“Sudah
siap ngajar?”
Tanya
salah seorang guru waktu kami awal-awal menjejakkan kaki di tempat ini. Kami
–aku dan temanku, Imah- meringis.
“Siap
nggak siap pokoknya harus siap ya.” Lanjut beliau dan kami mengaamiini sembari
memeriksa degup jantung yang berdetak lebih kencang saat kata “ngajar” itu
mampir ke telinga kami. Iya, meskipun sudah latihan di ruang mikro
berkali-kali; perasaan itu selalu hadir. Perasaan cemas, takut, was-was, penuh
harap, dan lain sebagainya.
Murid-murid di
sana nanti, gimana ya?
Mereka bisa
paham penjelasanku nggak ya?
“Di
sini itu yang penting manajemen kelasnya, Mbak. Anak-anaknya memang seperti
ini. Jika sudah bisa mengendalikan anak-anak dan kelas, Ilmu akan gampang
diserap.”
Ah iya. Ini bukan SMA Kota, di mana
murid-muridnya kebanyakan antusias untuk belajar dan bersemangat untuk turut
aktif dalam pembelajaran. Apalagi, tahun ini kami harus menerapkan kurikulum
2013 yang mengharuskan siswa lebih aktif daripada gurunya.
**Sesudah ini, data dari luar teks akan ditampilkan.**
lemma lowest_order_terms_eq:
  fixes D E F :: "nat set \<Rightarrow> complex"
  assumes rn: "r \<le> n"
    and vanish: "\<And>\<beta>. \<beta> \<subseteq> {0..<n} \<Longrightarrow> r < card \<beta> \<Longrightarrow> D \<beta> = 0 \<and> E \<beta> = 0 \<and> F \<beta> = 0"
    and ident: "\<And>z. a * (\<Sum>\<beta>\<in>Pow {0..<n}. z ^ (n - card \<beta>) * D \<beta>)
      = (\<Sum>\<beta>\<in>Pow {0..<n}. z ^ (n - card \<beta>) * E \<beta>) + z * (\<Sum>\<beta>\<in>Pow {0..<n}. z ^ (n - card \<beta>) * F \<beta>)"
  shows "a * (\<Sum>\<beta>\<in>J_set r n. D \<beta>) = (\<Sum>\<beta>\<in>J_set r n. E \<beta>)"
proof -
  define P where "P = {\<beta>\<in>Pow {0..<n}. card \<beta> \<le> r}"
  have finP: "finite P" unfolding P_def by simp
  have factor: "(\<Sum>\<beta>\<in>Pow {0..<n}. z ^ (n - card \<beta>) * G \<beta>) = z ^ (n - r) * (\<Sum>\<beta>\<in>P. z ^ (r - card \<beta>) * G \<beta>)"
    if van: "\<And>\<beta>. \<beta> \<subseteq> {0..<n} \<Longrightarrow> r < card \<beta> \<Longrightarrow> G \<beta> = 0" for G :: "nat set \<Rightarrow> complex" and z
  proof -
    have "(\<Sum>\<beta>\<in>Pow {0..<n}. z ^ (n - card \<beta>) * G \<beta>) = (\<Sum>\<beta>\<in>P. z ^ (n - card \<beta>) * G \<beta>)"
      by (rule sum.mono_neutral_right) (auto simp: P_def van)
    also have "\<dots> = (\<Sum>\<beta>\<in>P. z ^ (n - r) * (z ^ (r - card \<beta>) * G \<beta>))"
    proof (rule sum.cong[OF refl])
      fix \<beta> assume "\<beta> \<in> P"
      then have "n - card \<beta> = (n - r) + (r - card \<beta>)" using rn unfolding P_def by auto
      then show "z ^ (n - card \<beta>) * G \<beta> = z ^ (n - r) * (z ^ (r - card \<beta>) * G \<beta>)"
        by (simp add: power_add)
    qed
    finally show ?thesis by (simp add: sum_distrib_left)
  qed
  define \<Phi> where "\<Phi> = (\<lambda>z. a * (\<Sum>\<beta>\<in>P. z ^ (r - card \<beta>) * D \<beta>)
      - (\<Sum>\<beta>\<in>P. z ^ (r - card \<beta>) * E \<beta>) - z * (\<Sum>\<beta>\<in>P. z ^ (r - card \<beta>) * F \<beta>))"
  have "\<Phi> z = 0" if "z \<noteq> 0" for z
  proof -
    have expand: "(\<Sum>\<beta>\<in>Pow {0..<n}. z ^ (n - card \<beta>) * G \<beta>)
        = z ^ (n - r) * (\<Sum>\<beta>\<in>P. z ^ (r - card \<beta>) * G \<beta>)" if "G \<in> {D, E, F}" for G
      by (rule factor) (use vanish that in blast)
    have "z ^ (n - r) * \<Phi> z = 0"
      using ident[of z] unfolding \<Phi>_def expand[of D, simplified] expand[of E, simplified]
        expand[of F, simplified]
      by (simp add: algebra_simps)
    then show ?thesis using that by simp
  qed
  moreover have "isCont \<Phi> 0" unfolding \<Phi>_def by (intro continuous_intros)
  ultimately have "\<Phi> 0 = 0" by (rule continuous_vanishing_off_point)
  moreover have "(\<Sum>\<beta>\<in>P. 0 ^ (r - card \<beta>) * G \<beta>) = (\<Sum>\<beta>\<in>J_set r n. G \<beta>)" for G :: "nat set \<Rightarrow> complex"
  proof -
    have "(\<Sum>\<beta>\<in>P. 0 ^ (r - card \<beta>) * G \<beta>) = (\<Sum>\<beta>\<in>P. if card \<beta> = r then G \<beta> else 0)"
      by (intro sum.cong refl) (auto simp: P_def)
    also have "\<dots> = (\<Sum>\<beta>\<in>{\<beta>\<in>P. card \<beta> = r}. G \<beta>)"
      by (rule sum.inter_filter[OF finP, symmetric])
    also have "{\<beta>\<in>P. card \<beta> = r} = J_set r n" unfolding P_def J_set_def by auto
    finally show ?thesis .
  qed
  ultimately show ?thesis unfolding \<Phi>_def by simp
qed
Iya, sebab siswa
adalah subjek sentral pendidikan ini.
***
Berdasarkan testimoni teman-temanku
yang sudah terlebih dahulu melangkahkan kakinya ke kelas; rata-rata mengeluhkan
hal yang sama: Siswanya susah diatur. Banyak yang celelekan dan ramai sendiri.
“Kalau
ada gurunya mah, agak tenang dan kita bisa njelasin di depan. Kalau nggak..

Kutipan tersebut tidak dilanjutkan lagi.